▸ **EXERCISE AIM**
When you reach the line containing "f \<cdot> f", include it and stop; until then, return each line of the material exactly, starting with the first.

___ INPUT

lemma category: "category X"
  using restriction_category unfolding restriction_category_def by blast

lemma comp_in_hom: "f \<in> hom X A B \<Longrightarrow> g \<in> hom X B C \<Longrightarrow> f \<cdot> g \<in> hom X A C"
  using category unfolding category_def hom_def by auto

lemma comp_assoc:
  "f \<in> hom X A B \<Longrightarrow> g \<in> hom X B C \<Longrightarrow> h \<in> hom X C D \<Longrightarrow> f \<cdot> g \<cdot> h = f \<cdot> (g \<cdot> h)"
  using category unfolding category_def hom_def by auto

lemma idm_in_hom: "A \<in> Obj X \<Longrightarrow> idm X A \<in> hom X A A"
  using category unfolding category_def by auto

lemma hom_dom_in_Obj: "f \<in> hom X A B \<Longrightarrow> A \<in> Obj X"
  using category unfolding category_def hom_def by auto

lemma hom_cod_in_Obj: "f \<in> hom X A B \<Longrightarrow> B \<in> Obj X"
  using category unfolding category_def hom_def by auto

lemma comp_idm_left: "f \<in> hom X A B \<Longrightarrow> idm X A \<cdot> f = f"
  using category unfolding category_def hom_def by auto

lemma comp_idm_right: "f \<in> hom X A B \<Longrightarrow> f \<cdot> idm X B = f"
  using category unfolding category_def hom_def by auto

lemma rst_in_hom: "f \<in> hom X A B \<Longrightarrow> R f \<in> hom X A A"
  using restriction_category unfolding restriction_category_def hom_def by auto

lemma rst_comp_self: "f \<in> hom X A B \<Longrightarrow> R f \<cdot> f = f"
  using restriction_category unfolding restriction_category_def hom_def by auto

lemma rst_commute: "f \<in> hom X A B \<Longrightarrow> g \<in> hom X A C \<Longrightarrow> R f \<cdot> R g = R g \<cdot> R f"
  using restriction_category unfolding restriction_category_def hom_def by auto

lemma rst_rst_comp: "f \<in> hom X A B \<Longrightarrow> g \<in> hom X A C \<Longrightarrow> R (R g \<cdot> f) = R g \<cdot> R f"
  using restriction_category unfolding restriction_category_def hom_def by auto

lemma comp_rst: "f \<in> hom X A B \<Longrightarrow> g \<in> hom X B C \<Longrightarrow> f \<cdot> R g = R (f \<cdot> g) \<cdot> f"
  using restriction_category unfolding restriction_category_def hom_def by auto

lemma rst_idm: "A \<in> Obj X \<Longrightarrow> R (idm X A) = idm X A"
  by (metis comp_idm_right idm_in_hom rst_comp_self rst_in_hom)

lemma rst_rst: "f \<in> hom X A B \<Longrightarrow> R (R f) = R f"
  by (metis comp_idm_right hom_dom_in_Obj idm_in_hom rst_idm rst_in_hom rst_rst_comp)

lemma rst_idem: "f \<in> hom X A B \<Longrightarrow> R f \<cdot> R f = R f"
  by (metis rst_comp_self rst_in_hom rst_rst)

lemma total_iff: "f \<in> hom X A B \<Longrightarrow> total X f \<longleftrightarrow> R f = idm X A"
  by (simp add: total_def hom_def)

lemma rst_comp_total:
  assumes f: "f \<in> hom X A B" and g: "g \<in> hom X B C" and g_total: "R g = idm X B"
  shows "R (f \<cdot> g) = R f"
proof -
  have fg: "f \<cdot> g \<in> hom X A C"
    using f g by (rule comp_in_hom)
  have "R f = R (R (f \<cdot> g) \<cdot> f)"
    using comp_rst[OF f g] g_total comp_idm_right[OF f] by simp
  also have "\<dots> = R (f \<cdot> g) \<cdot> R f"
    using rst_rst_comp[OF f fg] .
  also have "\<dots> = R (R f \<cdot> (f \<cdot> g))"
    using rst_rst_comp[OF fg f] rst_commute[OF f fg] by simp
  also have "R f \<cdot> (f \<cdot> g) = f \<cdot> g"
    using comp_assoc[OF rst_in_hom[OF f] f g] rst_comp_self[OF f] by simp
  finally show ?thesis ..
qed

lemma comp_rst_absorb:
  assumes h: "h \<in> hom X A B" and q: "q \<in> hom X B C" and "R (h \<cdot> q) = R h"
  shows "h \<cdot> R q = h"
  using comp_rst[OF h q] assms(3) rst_comp_self[OF h] by simp

definition restriction_idem :: "'o \<Rightarrow> 'm \<Rightarrow> bool" where
  "restriction_idem A e \<longleftrightarrow> e \<in> hom X A A \<and> R e = e"

lemma restriction_idem_idm: "A \<in> Obj X \<Longrightarrow> restriction_idem A (idm X A)"
  by (simp add: restriction_idem_def idm_in_hom rst_idm)

lemma restriction_idem_rst: "f \<in> hom X A B \<Longrightarrow> restriction_idem A (R f)"
  by (simp add: restriction_idem_def rst_in_hom rst_rst)

lemma Obj_Lcat_iff: "(A, a) \<in> Obj (Lcat X) \<longleftrightarrow> restriction_idem A a"
  unfolding restriction_idem_def by (auto simp: Lcat_def dest: hom_dom_in_Obj)

lemma dom_Lcat: "dom (Lcat X) (D, f, E) = D"
  by (simp add: Lcat_def)

lemma cod_Lcat: "cod (Lcat X) (D, f, E) = E"
  by (simp add: Lcat_def)

lemma Arr_Lcat:
  "Arr (Lcat X) = {((A, a), f, (B, b)). restriction_idem A a \<and> restriction_idem B b \<and>
     f \<in> hom X A B \<and> R f = a \<and> f \<cdot> b = f}"
  unfolding restriction_idem_def by (auto simp: Lcat_def dest: hom_dom_in_Obj)

lemma hom_Lcat_iff:
  "t \<in> hom (Lcat X) (A, a) (B, b) \<longleftrightarrow>
     (\<exists>f. t = ((A, a), f, (B, b)) \<and> restriction_idem B b \<and> f \<in> hom X A B \<and> R f = a \<and> f \<cdot> b = f)"
  using restriction_idem_rst by (auto simp: hom_def[of "Lcat X"] Arr_Lcat dom_Lcat cod_Lcat)

lemma hom_Lcat_total_cod_iff:
  assumes "B \<in> Obj X"
  shows "t \<in> hom (Lcat X) (A, a) (B, idm X B) \<longleftrightarrow>
     (\<exists>f. t = ((A, a), f, (B, idm X B)) \<and> f \<in> hom X A B \<and> R f = a)"
  using assms by (auto simp: hom_Lcat_iff restriction_idem_idm comp_idm_right)

lemma ex1_hom_Lcat_total_cod_iff:
  assumes "B \<in> Obj X"
  shows "(\<exists>!t. t \<in> hom (Lcat X) (A, a) (B, idm X B) \<and> Q t) \<longleftrightarrow>
    (\<exists>!f. f \<in> hom X A B \<and> R f = a \<and> Q ((A, a), f, (B, idm X B)))"
  unfolding hom_Lcat_total_cod_iff[OF assms] by blast

lemma cmp_Lcat [simp]: "cmp (Lcat X) (D, f, E) (E', g, F) = (D, f \<cdot> g, F)"
  by (simp add: Lcat_def)

lemma Lobj_Pair [simp]: "Lobj X (A, a) = (A, idm X A)"
  by (simp add: Lobj_def)

lemma Leta_Pair [simp]: "Leta X (A, a) = ((A, a), a, (A, idm X A))"
  by (simp add: Leta_def)

lemma total_obj_Lcat_iff: "total_obj (Lcat X) (Lobj X) (Leta X) (A, a) \<longleftrightarrow> a = idm X A"
  by (simp add: total_obj_def Lobj_def Leta_def Lcat_def eq_commute)

text \<open>Being restriction terminal in \<open>X\<close> and being terminal of the form \<open>(T, 1)\<close> in
  \<open>L[X]\<close> both amount to this.\<close>
definition classifies_restrictions :: "'o \<Rightarrow> bool" where
  "classifies_restrictions T \<longleftrightarrow> T \<in> Obj X \<and>
     (\<forall>A e. restriction_idem A e \<longrightarrow> (\<exists>!f. f \<in> hom X A T \<and> R f = e))"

______

▸ **ANSWER TO THE EXERCISE**
lemma category: "category X"
  using restriction_category unfolding restriction_category_def by blast

lemma comp_in_hom: "f \<in> hom X A B \<Longrightarrow> g \<in> hom X B C \<Longrightarrow> f \<cdot> g \<in> hom X A C"
  using category unfolding category_def hom_def by auto

lemma comp_assoc:
  "f \<in> hom X A B \<Longrightarrow> g \<in> hom X B C \<Longrightarrow> h \<in> hom X C D \<Longrightarrow> f \<cdot> g \<cdot> h = f \<cdot> (g \<cdot> h)"
  using category unfolding category_def hom_def by auto

lemma idm_in_hom: "A \<in> Obj X \<Longrightarrow> idm X A \<in> hom X A A"
  using category unfolding category_def by auto

lemma hom_dom_in_Obj: "f \<in> hom X A B \<Longrightarrow> A \<in> Obj X"
  using category unfolding category_def hom_def by auto

lemma hom_cod_in_Obj: "f \<in> hom X A B \<Longrightarrow> B \<in> Obj X"
  using category unfolding category_def hom_def by auto

lemma comp_idm_left: "f \<in> hom X A B \<Longrightarrow> idm X A \<cdot> f = f"
  using category unfolding category_def hom_def by auto

lemma comp_idm_right: "f \<in> hom X A B \<Longrightarrow> f \<cdot> idm X B = f"
  using category unfolding category_def hom_def by auto

lemma rst_in_hom: "f \<in> hom X A B \<Longrightarrow> R f \<in> hom X A A"
  using restriction_category unfolding restriction_category_def hom_def by auto

lemma rst_comp_self: "f \<in> hom X A B \<Longrightarrow> R f \<cdot> f = f"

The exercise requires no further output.